- Born: Leland P. Cowan Salt Lake City, Utah, U.S.
- Education: University of Washington
- Occupation: Television journalist
- Notable credit(s): NBC Nightly News reporter (2007–2011) CBS Evening News reporter (1996–2006, 2011-present) WWMT anchor (1995–1996)

= Lee Cowan =

American television reporter, correspondent

Leland P. Cowan is a CBS News National Correspondent for the CBS Evening News, and is a substitute anchor for CBS Sunday Morning.

==Biography==
Cowan was born and raised in Salt Lake City, Utah, a son of Leland B. Cowan, a surgical and radiation oncologist, and Constance W. Cowan. He is a 1988 graduate of the University of Washington with a double major in communications and speech communications. He is married to Molly Palmer, a television associate producer and daughter of television news correspondent John Palmer and writer Nancy Doyle Palmer. They live in Santa Monica and have two sons.

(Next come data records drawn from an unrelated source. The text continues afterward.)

lemma AE_point_in_every_interval:
  fixes P :: "'a \<Rightarrow> (real \<times> 'b) set"
  assumes "\<And>a b. 0 \<le> a \<Longrightarrow> a < b \<Longrightarrow> AE \<omega> in M. \<exists>p\<in>P \<omega>. a < fst p \<and> fst p \<le> b"
  shows "AE \<omega> in M. \<forall>a b. 0 \<le> a \<longrightarrow> a < b \<longrightarrow> (\<exists>p\<in>P \<omega>. a < fst p \<and> fst p \<le> b)"
proof -
  have "AE \<omega> in M. \<forall>(a, b)\<in>\<rat> \<times> \<rat>. 0 \<le> a \<longrightarrow> a < b \<longrightarrow> (\<exists>p\<in>P \<omega>. a < fst p \<and> fst p \<le> b)"
    using assms by (intro AE_ball_countable') (auto intro: countable_SIGMA countable_rat)
  then show ?thesis
  proof eventually_elim
    case (elim \<omega>)
    show ?case
    proof (intro allI impI)
      fix a b :: real assume "0 \<le> a" "a < b"
      obtain a' where "a' \<in> \<rat>" "a < a'" "a' < b" using Rats_dense_in_real[OF \<open>a < b\<close>] by blast
      obtain b' where "b' \<in> \<rat>" "a' < b'" "b' < b" using Rats_dense_in_real[OF \<open>a' < b\<close>] by blast
      with elim \<open>0 \<le> a\<close> \<open>a' \<in> \<rat>\<close> \<open>a < a'\<close> obtain p where "p \<in> P \<omega>" "a' < fst p" "fst p \<le> b'"
        by fastforce
      with \<open>a < a'\<close> \<open>b' < b\<close> show "\<exists>p\<in>P \<omega>. a < fst p \<and> fst p \<le> b" by force
    qed
  qed
qed

lemma ms_subordinator_add_sum_le:
  assumes "finite F" "F \<subseteq> PP \<omega>" "\<forall>p\<in>F. s < fst p \<and> fst p \<le> t" "s \<le> t"
  shows "ms_subordinator PP \<omega> s + (\<Sum>p\<in>F. ennreal (snd p)) \<le> ms_subordinator PP \<omega> t"
proof -
  let ?f = "\<lambda>p::real \<times> real. ennreal (snd p)"
  have "ms_subordinator PP \<omega> s + (\<Sum>p\<in>F. ?f p) =
     (\<integral>\<^sup>+p. ?f p * indicator {p \<in> PP \<omega>. fst p \<le> s} p \<partial>count_space UNIV)
       + (\<integral>\<^sup>+p. ?f p * indicator F p \<partial>count_space UNIV)"
    unfolding ms_subordinator_def using assms(1)
    by (simp add: nn_integral_count_space_indicator nn_integral_indicator_finite)
  also have "\<dots> = (\<integral>\<^sup>+p. ?f p * indicator {p \<in> PP \<omega>. fst p \<le> s} p + ?f p * indicator F p \<partial>count_space UNIV)"
    by (rule nn_integral_add[symmetric]) auto
  also have "\<dots> \<le> (\<integral>\<^sup>+p. ?f p * indicator {p \<in> PP \<omega>. fst p \<le> t} p \<partial>count_space UNIV)"
    using assms by (intro nn_integral_mono) (auto simp: indicator_def)
  also have "\<dots> = ms_subordinator PP \<omega> t"
    unfolding ms_subordinator_def by (simp add: nn_integral_count_space_indicator)
  finally show ?thesis .
qed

Cowan was a frequent correspondent for NBC Nightly News with Brian Williams. Prior to joining NBC News, he was a reporter for CBS News in the CBS NEWSPATH division. He previously worked for NBC affiliate WLWT in Cincinnati, CBS affiliate WWMT in Kalamazoo, Michigan, KCOY in Santa Maria, California and KIEM in Eureka, California.